Sulla carta, i lavoratori americani sono tra i più ricchi del pianeta, con un reddito medio tra i 55 e i 60 mila dollari all’anno. Ma questo è un dato politico creato per omissione, piuttosto che un riflesso degli standard di vita reali.

Ad esempio, un lavoratore che guadagna 50.000 dollari all’anno porta a casa solo 39.129 dollari al netto delle tasse. I lavoratori statunitensi della fascia media (da 50 a 100.000 dollari) pagano il 22% di tasse sul reddito, una percentuale inferiore alla media OCSE (34%), ma in cambio del pagamento di un terzo in più, i cittadini di altre nazioni sviluppate godono di trasporti pubblici di alta qualità, assistenza sanitaria universale e istruzione gratuita, mentre i lavoratori americani devono pagare tutto questo di tasca propria, spesso attraverso prestiti ad alto interesse e carte di credito. Il risultato è che una famiglia media negli Stati Uniti ha un debito di 128.824 dollari (17,3 trilioni di dollari in totale), di cui una parte crescente deriva dall’eccessivo ricorso alle carte di credito per far quadrare i conti.

Affinché una famiglia americana sia plausibilmente “di classe media”, è necessario che abbia due redditi, ma questo non è una garanzia. Nel 2019 il 44% degli americani aveva un lavoro che rendeva 18.000 dollari all’anno o meno.
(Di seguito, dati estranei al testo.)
lemma zero_on_infinite_gscal [simp]: "zero_on_infinite x \<Longrightarrow> zero_on_infinite (gscal c x)"
  by (simp add: zero_on_infinite_def gscal_def)

lemma zero_on_infinite_mpow [simp]: "zero_on_infinite (mpow n B k i j)"
  by (cases k) (simp_all add: zero_on_infinite_def mone_def gone_def gzero_def mmul_def gsum_def gmul_def)

lemma grassmann_of_eq_zeroD: "zero_on_infinite x \<Longrightarrow> grassmann_of x = 0 \<Longrightarrow> x = gzero"
  by transfer (simp add: restrict_finite_id)

lemma grassmann_of_gmul [simp]: "grassmann_of (gmul x y) = grassmann_of x * grassmann_of y"
  by transfer (simp add: gmul_restrict_finite_left gmul_restrict_finite_right restrict_finite_id)

lemma grassmann_of_gadd [simp]: "grassmann_of (gadd x y) = grassmann_of x + grassmann_of y"
  by transfer (simp add: restrict_finite_def gadd_def fun_eq_iff)

lemma grassmann_of_gsub [simp]: "grassmann_of (gsub x y) = grassmann_of x - grassmann_of y"
  by transfer (simp add: restrict_finite_def gsub_def fun_eq_iff)

lemma grassmann_of_gscal [simp]: "grassmann_of (gscal c x) = grassmann_const c * grassmann_of x"
  by transfer (simp only: gmul_gscal_left gmul_gone_left, simp add: restrict_finite_def gscal_def fun_eq_iff)

lemma grassmann_of_gone [simp]: "grassmann_of gone = 1"
  by transfer (simp add: restrict_finite_id zero_on_infinite_def gone_def)
definition exch :: "nat \<Rightarrow> (nat \<Rightarrow> nat) \<Rightarrow> nat \<Rightarrow> nat \<Rightarrow> nat \<Rightarrow> (nat \<Rightarrow> nat)" where
  "exch N \<eta> x \<alpha> \<beta> =
     (if occ N \<eta> \<alpha> (int x) * occ N \<eta> \<beta> (int x + 1) = 1
      then \<eta>(x := \<eta> (Suc x mod N), Suc x mod N := \<eta> x) else \<eta>)"

definition is_density :: "nat \<Rightarrow> ((nat \<Rightarrow> nat) \<Rightarrow> real) \<Rightarrow> bool" where
  "is_density N f \<longleftrightarrow> (\<forall>\<eta>\<in>Omega N. 0 \<le> f \<eta>) \<and>
      (\<Sum>\<eta>\<in>Omega N. f \<eta> * (1/3) ^ N) = 1"

definition Dirichlet :: "nat \<Rightarrow> ((nat \<Rightarrow> nat) \<Rightarrow> real) \<Rightarrow> real" where
  "Dirichlet N f = (1/2) * (\<Sum>\<eta>\<in>Omega N. (1/3) ^ N * (\<Sum>x<N. \<Sum>\<alpha><3. \<Sum>\<beta><3.
      occ N \<eta> \<alpha> (int x) * occ N \<eta> \<beta> (int x + 1) *
      (sqrt (f (exch N \<eta> x \<alpha> \<beta>)) - sqrt (f \<eta>)) ^ 2))"

definition box_diff :: "nat \<Rightarrow> nat \<Rightarrow> int \<Rightarrow> (nat \<Rightarrow> nat) \<Rightarrow> real" where
  "box_diff N k r \<eta> =
     (let a = (\<lambda>\<alpha>. (1 / (2 * real k + 1)) * (\<Sum>z\<in>{z::int. \<bar>z\<bar> \<le> int k}. occ N \<eta> \<alpha> z));
          b = (\<lambda>\<alpha>. (1 / (2 * real k + 1)) * (\<Sum>z\<in>{z::int. \<bar>z + r\<bar> \<le> int k}. occ N \<eta> \<alpha> z))
      in sqrt ((a 1 - b 1) ^ 2 + (a 2 - b 2) ^ 2))"

definition sup_quantity :: "real \<Rightarrow> nat \<Rightarrow> real \<Rightarrow> nat \<Rightarrow> ereal" where
  "sup_quantity c k \<epsilon> N = Sup {ereal (\<Sum>\<eta>\<in>Omega N. box_diff N k r \<eta> * f \<eta> * (1/3) ^ N) | r f.
      real_of_int \<bar>r\<bar> \<le> 2 * \<epsilon> * real N + 1 \<and> is_density N f \<and> Dirichlet N f \<le> c / real N}"

end

theory Submission
  imports Defs "HOL-Real_Asymp.Real_Asymp"
begin

text \<open>Let \<open>X j = \<eta>\<^sup>j\<^sub>\<alpha> - \<eta>\<^sup>j\<^sup>-\<^sup>r\<^sub>\<alpha>\<close>, so the box difference of species \<open>\<alpha>\<close> is \<open>1/(2k+1)\<close>
  times the sum of \<open>X j\<close> over the box \<open>|j| \<le> k\<close>. In the second moment of that sum under \<open>f\<close>,
  for each \<open>j\<close> at most three sites \<open>i\<close> of the box are congruent to \<open>j\<close> or \<open>j \<plusminus> r\<close> modulo \<open>N\<close>;
  for every other \<open>i\<close>, exchanging the contents of \<open>j\<close> and \<open>j - r\<close> flips the sign of \<open>X j\<close> and
  fixes \<open>X i\<close>, so \<open>E\<^sub>f[X i * X j]\<close> is at most half the total variation of \<open>f\<close> under this
  exchange. Cauchy-Schwarz bounds that by the energy of \<open>sqrt f\<close> under the exchange, and the
  moving particle lemma (the exchange is a product of \<open>2|r| - 1\<close> nearest-neighbour exchanges)
  bounds this energy by \<open>8|r| D(f)\<close>. Hence the expectation is at most
  \<open>sqrt (6/(2k+1) + 2 sqrt (8|r| D(f))) \<le> sqrt (6/(2k+1) + 2 sqrt (24 c \<epsilon>))\<close> for large \<open>N\<close>,
  which vanishes as \<open>\<epsilon> \<rightarrow> 0\<close> and \<open>k \<rightarrow> \<infinity>\<close>.\<close>

definition site :: "nat \<Rightarrow> int \<Rightarrow> nat" where
  "site N z = nat (z mod int N)"

lemma site_less: "0 < N \<Longrightarrow> site N z < N"
  by (simp add: site_def nat_less_iff)

lemma site_of_nat: "x < N \<Longrightarrow> site N (int x) = x"
  by (simp add: site_def)

lemma site_eq_iff: "0 < N \<Longrightarrow> site N a = site N b \<longleftrightarrow> a mod int N = b mod int N"
  by (simp add: site_def eq_nat_nat_iff)

lemma site_add_neq:
  assumes "0 < m" "m < N"
  shows "site N a \<noteq> site N (a + int m)"
proof
  assume "site N a = site N (a + int m)"
  then have "a mod int N = (a + int m) mod int N"
    using assms by (simp add: site_eq_iff)
  then have "int N dvd int m"
    by (metis add.commute mod_eq_dvd_iff add_diff_cancel_left' dvd_minus_iff minus_diff_eq)
  then show False
    using assms by (simp add: nat_dvd_not_less)
qed

lemma Suc_site_mod: "0 < N \<Longrightarrow> Suc (site N a) mod N = site N (a + 1)"
proof -
  assume N: "0 < N"
  have "int (Suc (site N a) mod N) = (a mod int N + 1) mod int N"
    using N by (simp add: site_def zmod_int of_nat_mod add.commute)
  also have "\<dots> = (a + 1) mod int N"
    by (simp add: mod_add_left_eq)
  finally show ?thesis
    using N by (simp add: site_def)
qed

lemma card_Omega: "card (Omega N) = 3 ^ N"
  by (simp add: Omega_def card_PiE)

lemma comp_transpose_in_Omega:
  "p < N \<Longrightarrow> q < N \<Longrightarrow> \<eta> \<in> Omega N \<Longrightarrow> \<eta> \<circ> Transposition.transpose p q \<in> Omega N"
  by (auto simp: Omega_def PiE_iff extensional_def Transposition.transpose_def)

lemma sum_Omega_comp_transpose:
  assumes "p < N" "q < N"
  shows "(\<Sum>\<eta>\<in>Omega N. h (\<eta> \<circ> Transposition.transpose p q)) = (\<Sum>\<eta>\<in>Omega N. h \<eta>)"
proof -
  have "bij_betw (\<lambda>\<eta>. \<eta> \<circ> Transposition.transpose p q) (Omega N) (Omega N)"
    by (rule bij_betwI[where g = "\<lambda>\<eta>. \<eta> \<circ> Transposition.transpose p q"])
      (auto simp: assms comp_transpose_in_Omega comp_assoc)
  then show ?thesis
    by (rule sum.reindex_bij_betw)
qed

definition bond :: "nat \<Rightarrow> nat \<Rightarrow> nat \<Rightarrow> nat" where
  "bond N x = Transposition.transpose x (Suc x mod N)"

lemma bond_site: "0 < N \<Longrightarrow> bond N (site N a) = Transposition.transpose (site N a) (site N (a + 1))"
  by (simp add: bond_def Suc_site_mod)

lemma sum_Omega_comp_bond:
  "x < N \<Longrightarrow> (\<Sum>\<eta>\<in>Omega N. h (\<eta> \<circ> bond N x)) = (\<Sum>\<eta>\<in>Omega N. h \<eta>)"
  unfolding bond_def by (rule sum_Omega_comp_transpose) auto

definition bond_energy :: "nat \<Rightarrow> ((nat \<Rightarrow> nat) \<Rightarrow> real) \<Rightarrow> nat \<Rightarrow> real" where
  "bond_energy N g x = (\<Sum>\<eta>\<in>Omega N. (g (\<eta> \<circ> bond N x) - g \<eta>)\<^sup>2)"

lemma bond_energy_nonneg: "0 \<le> bond_energy N g x"
  by (simp add: bond_energy_def sum_nonneg)

definition route_perm :: "nat \<Rightarrow> nat list \<Rightarrow> nat \<Rightarrow> nat" where
  "route_perm N ts = foldr (\<lambda>t \<pi>. bond N t \<circ> \<pi>) ts id"

lemma route_perm_Nil [simp]: "route_perm N [] = id"
  by (simp add: route_perm_def)

lemma route_perm_Cons [simp]: "route_perm N (t # ts) = bond N t \<circ> route_perm N ts"
  by (simp add: route_perm_def)

lemma route_perm_append: "route_perm N (xs @ ys) = route_perm N xs \<circ> route_perm N ys"
  by (induction xs) (simp_all add: comp_assoc)

lemma power2_add_le_weighted:
  assumes "L > 0"
  shows "((a::real) + b)\<^sup>2 \<le> (1 + 1 / L) * a\<^sup>2 + (1 + L) * b\<^sup>2"
proof -
  have "0 \<le> (a / sqrt L - b * sqrt L)\<^sup>2"
    by simp
  also have "\<dots> = a\<^sup>2 / L - 2 * a * b + b\<^sup>2 * L"
    using assms by (simp add: power2_eq_square field_simps)
  finally show ?thesis
    by (simp add: power2_eq_square algebra_simps add_divide_distrib)
qed

text \<open>Telescoping along the route; splitting off one bond at a time with the weight
  \<open>L = length of the remaining route\<close> keeps the constant equal to the length.\<close>

lemma route_energy_le:
  assumes "\<forall>t\<in>set ts. t < N"
  shows "(\<Sum>\<eta>\<in>Omega N. (g (\<eta> \<circ> route_perm N ts) - g \<eta>)\<^sup>2)
           \<le> real (length ts) * (\<Sum>t\<leftarrow>ts. bond_energy N g t)"
  using assms
proof (induction ts)
  case Nil
  then show ?case
    by simp
next
  case (Cons t ts)
  have t: "t < N"
    using Cons.prems by simp
  have IH: "(\<Sum>\<eta>\<in>Omega N. (g (\<eta> \<circ> route_perm N ts) - g \<eta>)\<^sup>2)
              \<le> real (length ts) * (\<Sum>t\<leftarrow>ts. bond_energy N g t)"
    using Cons.prems by (intro Cons.IH) simp
  show ?case
  proof (cases "ts = []")
    case True
    then show ?thesis
      by (simp add: bond_energy_def comp_def)
  next
    case False
    define L where "L = real (length ts)"
    have L: "L > 0"
      using False by (simp add: L_def)
    have "(\<Sum>\<eta>\<in>Omega N. (g (\<eta> \<circ> route_perm N (t # ts)) - g \<eta>)\<^sup>2)
        = (\<Sum>\<eta>\<in>Omega N. ((g (\<eta> \<circ> bond N t \<circ> route_perm N ts) - g (\<eta> \<circ> bond N t))
                            + (g (\<eta> \<circ> bond N t) - g \<eta>))\<^sup>2)"
      by (simp add: comp_assoc)
    also have "\<dots> \<le> (\<Sum>\<eta>\<in>Omega N. (1 + 1 / L) * (g (\<eta> \<circ> bond N t \<circ> route_perm N ts) - g (\<eta> \<circ> bond N t))\<^sup>2
                                   + (1 + L) * (g (\<eta> \<circ> bond N t) - g \<eta>)\<^sup>2)"
      by (rule sum_mono) (rule power2_add_le_weighted[OF L])
    also have "\<dots> = (1 + 1 / L) * (\<Sum>\<eta>\<in>Omega N. (g (\<eta> \<circ> route_perm N ts) - g \<eta>)\<^sup>2)
                    + (1 + L) * bond_energy N g t"
      using sum_Omega_comp_bond[OF t, of "\<lambda>\<eta>. (g (\<eta> \<circ> route_perm N ts) - g \<eta>)\<^sup>2"]
      by (simp add: sum.distrib sum_distrib_left[symmetric] bond_energy_def)
    also have "\<dots> \<le> (1 + 1 / L) * (L * (\<Sum>t\<leftarrow>ts. bond_energy N g t)) + (1 + L) * bond_energy N g t"
      using IH L by (intro add_mono mult_left_mono) (auto simp: L_def)
    also have "\<dots> = (1 + L) * ((\<Sum>t\<leftarrow>ts. bond_energy N g t) + bond_energy N g t)"
      using L by (simp add: field_simps)
    finally show ?thesis
      by (simp add: L_def algebra_simps comp_def)
  qed
qed

fun route :: "nat \<Rightarrow> int \<Rightarrow> nat \<Rightarrow> nat list" where
  "route N u 0 = []"
| "route N u (Suc 0) = [site N u]"
| "route N u (Suc (Suc d)) = site N (u + int (Suc d)) # route N u (Suc d) @ [site N (u + int (Suc d))]"


lemma route_perm_route:
  "0 < d \<Longrightarrow> d < N \<Longrightarrow>
     route_perm N (route N u d) = Transposition.transpose (site N u) (site N (u + int d))"
proof (induction N u d rule: route.induct)
  case (1 N u)
  then show ?case by simp
next
  case (2 N u)
  then show ?case by (simp add: bond_site)
next
  case (3 N u d)
  define t where "t = u + int (Suc d)"
  have N: "0 < N"
    using 3 by simp
  have IH: "route_perm N (route N u (Suc d)) = Transposition.transpose (site N u) (site N t)"
    using 3 by (simp add: t_def)
  have ne1: "site N u \<noteq> site N t" and ne2: "site N u \<noteq> site N (t + 1)"
    using 3 site_add_neq[of "Suc d" N u] site_add_neq[of "Suc (Suc d)" N u]
    by (simp_all add: t_def add.assoc)
  have ne3: "site N t \<noteq> site N (t + 1)"
    using 3 site_add_neq[of 1 N t] by simp
  have "route_perm N (route N u (Suc (Suc d)))
      = bond N (site N t) \<circ> route_perm N (route N u (Suc d)) \<circ> bond N (site N t)"
    by (simp add: route_perm_append t_def comp_assoc)
  also have "\<dots> = Transposition.transpose (site N u) (site N (t + 1))"
    unfolding IH bond_site[OF N] using transpose_comp_triple[of "site N (t + 1)" "site N u" "site N t"] ne1 ne2 ne3
    by (simp add: transpose_commute)
  finally show ?case
    by (simp add: t_def add.assoc)
qed

lemma length_route: "length (route N u d) = 2 * d - 1"
  by (induction N u d rule: route.induct) auto

lemma route_sites_less: "0 < N \<Longrightarrow> \<forall>t\<in>set (route N u d). t < N"
  by (induction N u d rule: route.induct) (auto simp: site_less)

lemma sum_list_route_le:
  "(\<And>x. 0 \<le> (h x :: real)) \<Longrightarrow> (\<Sum>t\<leftarrow>route N u d. h t) \<le> 2 * (\<Sum>i<d. h (site N (u + int i)))"
  by (induction N u d rule: route.induct) (simp_all add: lessThan_Suc)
Per questa popolazione – i lavoratori poveri e gli indigenti – lo Stato fornisce cibo, assicurazione sociale, sussidi per l’assistenza sociale e per l’assistenza sanitaria, mettendo ulteriormente a dura prova la bilancia dei pagamenti.

Ciò ha portato a uno sviluppo imbarazzante, in cui i Paesi percepiti come secondo mondo, tra cui la Russia, rivale degli Stati Uniti, hanno iniziato a recuperare il livello di vita a lungo invidiato degli americani.

A parità di potere d’acquisto (PPP), un lavoratore russo che percepisce uno stipendio medio di 19.200 dollari all’anno a Mosca può permettersi lo stesso stile di vita di un lavoratore americano che guadagna 72.000 dollari all’anno in una grande città americana (Chicago, Los Angeles, New York, ecc.).

I lavoratori russi pagano sul loro reddito una flat tax del 13%, che, in cambio, permette loro di avere ottimi trasporti pubblici e assistenza sanitaria universale. Secondo le statistiche del 2017, la Russia ha un tasso di sindacalizzazione quasi tre volte superiore a quello degli Stati Uniti (27,5%). I lavoratori russi godono di 28 giorni di ferie pagate all’anno, contro una media di 11 giorni per le loro controparti americane. Il 23% dei lavoratori russi è impiegato nei settori della produzione di beni, con un ulteriore 5,8% che partecipa al settore agricolo (la produzione agricola russa è raddoppiata dall’inizio delle sanzioni occidentali nel 2022).

In Russia la distribuzione sbilanciata della ricchezza è ancora un problema, ma il governo di Vladimir Putin ha migliorato drasticamente la situazione. Quasi tutti i “Sette Oligarchi“, eminentemente Ebrei, che, ad un certo punto, negli anni ’90 controllavano metà della ricchezza della Russia e praticamente tutti i suoi media, sono stati imprigionati o costretti all’esilio dal governo di Putin.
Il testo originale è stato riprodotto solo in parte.